■ Goal of the exercise:
Up to and including the line with "text \<open>Hom i", repeat every line of the listing exactly, beginning at the first.

■ Supplied records:
(* Let $M=(M_{ij})$ be a reduced $n\times n$ matrix of integers with $M_{ij}>0$ for all $i,j$. If there exist $i\neq j$ with $M_{ii}=1$ and $M_{jj}=1$, then $\mathrm{Cat}(M)=\emptyset$.
   Context: For an $n\times n$ matrix $M=(m_{ij})$ with entries in the natural numbers, $\mathrm{Cat}(M)$ denotes the collection of categories $A$ with exactly $n$ distinct objects $x_1,\dots,x_n$ such that $|A(x_i,x_j)|=m_{ij}$ for all $i,j$, where $A(x_i,x_j)$ is the set of morphisms from $x_i$ to $x_j$. A matrix $M$ is called non-reduced if there exist $i\neq j$ such that $M_{ki}=M_{kj}$ and $M_{ik}=M_{jk}$ for all $k$ (row $i$ equals row $j$ and column $i$ equals column $j$); it is called reduced otherwise. *)

theory Defs
  imports Main
begin

text \<open>Hom i j is the set of morphisms from x_i to x_j, ident i the identity of x_i,
  cmp i j k g f the composite g o f of f : x_i -> x_j and g : x_j -> x_k.\<close>

definition is_category ::
  "nat \<Rightarrow> (nat \<Rightarrow> nat \<Rightarrow> 'm set) \<Rightarrow> (nat \<Rightarrow> 'm)
     \<Rightarrow> (nat \<Rightarrow> nat \<Rightarrow> nat \<Rightarrow> 'm \<Rightarrow> 'm \<Rightarrow> 'm) \<Rightarrow> bool" where
  "is_category n Hom ident cmp \<longleftrightarrow>
     (\<forall>i<n. ident i \<in> Hom i i) \<and>
     (\<forall>i<n. \<forall>j<n. \<forall>k<n. \<forall>f\<in>Hom i j. \<forall>g\<in>Hom j k. cmp i j k g f \<in> Hom i k) \<and>
     (\<forall>i<n. \<forall>j<n. \<forall>f\<in>Hom i j. cmp i j j (ident j) f = f \<and> cmp i i j f (ident i) = f) \<and>
     (\<forall>i<n. \<forall>j<n. \<forall>k<n. \<forall>l<n. \<forall>f\<in>Hom i j. \<forall>g\<in>Hom j k. \<forall>h\<in>Hom k l.
        cmp i k l h (cmp i j k g f) = cmp i j l (cmp j k l h g) f)"

definition Cat ::
  "nat \<Rightarrow> (nat \<Rightarrow> nat \<Rightarrow> nat) \<Rightarrow>
     ((nat \<Rightarrow> nat \<Rightarrow> 'm set) \<times> (nat \<Rightarrow> 'm) \<times> (nat \<Rightarrow> nat \<Rightarrow> nat \<Rightarrow> 'm \<Rightarrow> 'm \<Rightarrow> 'm)) set" where
  "Cat n M = {(Hom, ident, cmp). is_category n Hom ident cmp \<and>
       (\<forall>i<n. \<forall>j<n. finite (Hom i j) \<and> card (Hom i j) = M i j)}"

definition non_reduced :: "nat \<Rightarrow> (nat \<Rightarrow> nat \<Rightarrow> nat) \<Rightarrow> bool" where
  "non_reduced n M \<longleftrightarrow> (\<exists>i<n. \<exists>j<n. i \<noteq> j \<and> (\<forall>k<n. M k i = M k j \<and> M i k = M j k))"

definition reduced :: "nat \<Rightarrow> (nat \<Rightarrow> nat \<Rightarrow> nat) \<Rightarrow> bool" where
  "reduced n M \<longleftrightarrow> \<not> non_reduced n M"

end

theory Submission
  imports Defs
begin

text \<open>If the endomorphism sets of two distinct objects x_i, x_j are singletons, then any
  f : x_i \<rightarrow> x_j and g : x_j \<rightarrow> x_i compose to identities in both orders, so x_i and x_j are
  isomorphic. Pre- and post-composition with this isomorphism give bijections
  A(x_k, x_i) \<cong> A(x_k, x_j) and A(x_i, x_k) \<cong> A(x_j, x_k); hence rows and columns i and j
  of M coincide, contradicting reducedness. Positivity of M provides f and g.\<close>

context
  fixes n :: nat and Hom :: "nat \<Rightarrow> nat \<Rightarrow> 'm set" and ident :: "nat \<Rightarrow> 'm"
    and cmp :: "nat \<Rightarrow> nat \<Rightarrow> nat \<Rightarrow> 'm \<Rightarrow> 'm \<Rightarrow> 'm"
  assumes category: "is_category n Hom ident cmp"
begin

lemma ident_in_Hom: "i < n \<Longrightarrow> ident i \<in> Hom i i"
  using category unfolding is_category_def by simp

lemma cmp_in_Hom:
  "\<lbrakk>i < n; j < n; k < n; f \<in> Hom i j; g \<in> Hom j k\<rbrakk> \<Longrightarrow> cmp i j k g f \<in> Hom i k"
  using category unfolding is_category_def by simp

lemma cmp_ident_left: "\<lbrakk>i < n; j < n; f \<in> Hom i j\<rbrakk> \<Longrightarrow> cmp i j j (ident j) f = f"
  using category unfolding is_category_def by simp

lemma cmp_ident_right: "\<lbrakk>i < n; j < n; f \<in> Hom i j\<rbrakk> \<Longrightarrow> cmp i i j f (ident i) = f"
  using category unfolding is_category_def by simp

lemma cmp_assoc:
  "\<lbrakk>i < n; j < n; k < n; l < n; f \<in> Hom i j; g \<in> Hom j k; h \<in> Hom k l\<rbrakk>
    \<Longrightarrow> cmp i k l h (cmp i j k g f) = cmp i j l (cmp j k l h g) f"
  using category unfolding is_category_def by simp

lemma endo_eq_ident_if_card_one:
  assumes "a < n" "card (Hom a a) = 1" "x \<in> Hom a a"
  shows "x = ident a"
proof -
  obtain y where "Hom a a = {y}"
    using assms(2) card_1_singletonE by blast
  then show ?thesis
    using assms ident_in_Hom[OF assms(1)] by simp
qed

context
  fixes i j f g
  assumes ij: "i < n" "j < n"
    and f: "f \<in> Hom i j" and g: "g \<in> Hom j i"
    and gf: "cmp i j i g f = ident i" and fg: "cmp j i j f g = ident j"
begin

lemma bij_betw_postcompose_iso:
  assumes k: "k < n"
  shows "bij_betw (cmp k i j f) (Hom k i) (Hom k j)"
proof (rule bij_betw_byWitness[where f' = "cmp k j i g"])
  show "\<forall>h\<in>Hom k i. cmp k j i g (cmp k i j f h) = h"
  proof
    fix h assume h: "h \<in> Hom k i"
    have "cmp k j i g (cmp k i j f h) = cmp k i i (cmp i j i g f) h"
      using cmp_assoc[OF k ij ij(1) h f g] .
    also have "\<dots> = h"
      using gf cmp_ident_left k ij h by simp
    finally show "cmp k j i g (cmp k i j f h) = h" .
  qed
  show "\<forall>h\<in>Hom k j. cmp k i j f (cmp k j i g h) = h"
  proof
    fix h assume h: "h \<in> Hom k j"
    have "cmp k i j f (cmp k j i g h) = cmp k j j (cmp j i j f g) h"
      using cmp_assoc[OF k ij(2,1,2) h g f] .
    also have "\<dots> = h"
      using fg cmp_ident_left k ij h by simp
    finally show "cmp k i j f (cmp k j i g h) = h" .
  qed
  show "cmp k i j f ` Hom k i \<subseteq> Hom k j"
    using cmp_in_Hom[OF k ij _ f] by blast
  show "cmp k j i g ` Hom k j \<subseteq> Hom k i"
    using cmp_in_Hom[OF k ij(2,1) _ g] by blast
qed

lemma bij_betw_precompose_iso:
  assumes k: "k < n"
  shows "bij_betw (\<lambda>h. cmp j i k h g) (Hom i k) (Hom j k)"
proof (rule bij_betw_byWitness[where f' = "\<lambda>h. cmp i j k h f"])
  show "\<forall>h\<in>Hom i k. cmp i j k (cmp j i k h g) f = h"
  proof
    fix h assume h: "h \<in> Hom i k"
    have "cmp i j k (cmp j i k h g) f = cmp i i k h (cmp i j i g f)"
      using cmp_assoc[OF ij ij(1) k f g h] by simp
    also have "\<dots> = h"
      using gf cmp_ident_right k ij h by simp
    finally show "cmp i j k (cmp j i k h g) f = h" .
  qed
  show "\<forall>h\<in>Hom j k. cmp j i k (cmp i j k h f) g = h"
  proof
    fix h assume h: "h \<in> Hom j k"
    have "cmp j i k (cmp i j k h f) g = cmp j j k h (cmp j i j f g)"
      using cmp_assoc[OF ij(2,1,2) k g f h] by simp
    also have "\<dots> = h"
      using fg cmp_ident_right k ij h by simp
    finally show "cmp j i k (cmp i j k h f) g = h" .
  qed
  show "(\<lambda>h. cmp j i k h g) ` Hom i k \<subseteq> Hom j k"
    using cmp_in_Hom[OF ij(2,1) k g] by blast
  show "(\<lambda>h. cmp i j k h f) ` Hom j k \<subseteq> Hom i k"
    using cmp_in_Hom[OF ij k f] by blast
qed

lemma card_Hom_eq_if_iso:
  assumes "k < n"
  shows "card (Hom k i) = card (Hom k j)" and "card (Hom i k) = card (Hom j k)"
  using bij_betw_same_card bij_betw_postcompose_iso bij_betw_precompose_iso assms by blast+

end

end

lemma non_reduced_if_Cat_nonempty:
  assumes "(Hom, ident, cmp) \<in> Cat n M" "i < n" "j < n" "i \<noteq> j"
    and "M i i = 1" "M j j = 1" "M i j > 0" "M j i > 0"
  shows "non_reduced n M"
proof -
  have category: "is_category n Hom ident cmp"
    and card: "\<And>a b. \<lbrakk>a < n; b < n\<rbrakk> \<Longrightarrow> card (Hom a b) = M a b"
    using assms(1) unfolding Cat_def by auto
  obtain f g where f: "f \<in> Hom i j" and g: "g \<in> Hom j i"
    using card[OF assms(2,3)] card[OF assms(3,2)] assms(7,8) by fastforce
  have gf: "cmp i j i g f = ident i"
    using endo_eq_ident_if_card_one[OF category assms(2)] cmp_in_Hom[OF category assms(2,3,2) f g]
      card assms(2,5) by simp
  have fg: "cmp j i j f g = ident j"
    using endo_eq_ident_if_card_one[OF category assms(3)] cmp_in_Hom[OF category assms(3,2,3) g f]
      card assms(3,6) by simp
  have "M k i = M k j \<and> M i k = M j k" if "k < n" for k
    using card_Hom_eq_if_iso[OF category assms(2,3) f g gf fg that] card that assms(2,3)
    by simp
  then show ?thesis
    using assms(2-4) unfolding non_reduced_def by blast
qed

theorem mainTheorem8:
  fixes n :: nat and M :: "nat \<Rightarrow> nat \<Rightarrow> nat" and i j :: nat
  assumes "reduced n M"
    and "\<forall>a<n. \<forall>b<n. M a b > 0"
    and "i < n" and "j < n" and "i \<noteq> j"
    and "M i i = 1" and "M j j = 1"
  shows "(Cat n M :: ((nat \<Rightarrow> nat \<Rightarrow> 'm set) \<times> (nat \<Rightarrow> 'm) \<times> (nat \<Rightarrow> nat \<Rightarrow> nat \<Rightarrow> 'm \<Rightarrow> 'm \<Rightarrow> 'm)) set) = {}"
proof (rule equals0I)
  fix A :: "(nat \<Rightarrow> nat \<Rightarrow> 'm set) \<times> (nat \<Rightarrow> 'm) \<times> (nat \<Rightarrow> nat \<Rightarrow> nat \<Rightarrow> 'm \<Rightarrow> 'm \<Rightarrow> 'm)"
  assume A: "A \<in> Cat n M"
  obtain Hom ident cmp where A_eq: "A = (Hom, ident, cmp)"
    by (cases A) auto
  have "M i j > 0" "M j i > 0"
    using assms(2-4) by blast+
  then have "non_reduced n M"
    using non_reduced_if_Cat_nonempty[OF A[unfolded A_eq] assms(3-7)] by blast
  then show False
    using assms(1) unfolding reduced_def by blast
qed

end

■ Solution for this exercise:
(* Let $M=(M_{ij})$ be a reduced $n\times n$ matrix of integers with $M_{ij}>0$ for all $i,j$. If there exist $i\neq j$ with $M_{ii}=1$ and $M_{jj}=1$, then $\mathrm{Cat}(M)=\emptyset$.
   Context: For an $n\times n$ matrix $M=(m_{ij})$ with entries in the natural numbers, $\mathrm{Cat}(M)$ denotes the collection of categories $A$ with exactly $n$ distinct objects $x_1,\dots,x_n$ such that $|A(x_i,x_j)|=m_{ij}$ for all $i,j$, where $A(x_i,x_j)$ is the set of morphisms from $x_i$ to $x_j$. A matrix $M$ is called non-reduced if there exist $i\neq j$ such that $M_{ki}=M_{kj}$ and $M_{ik}=M_{jk}$ for all $k$ (row $i$ equals row $j$ and column $i$ equals column $j$); it is called reduced otherwise. *)

theory Defs
  imports Main
begin

text \<open>Hom i j is the set of morphisms from x_i to x_j, ident i the identity of x_i,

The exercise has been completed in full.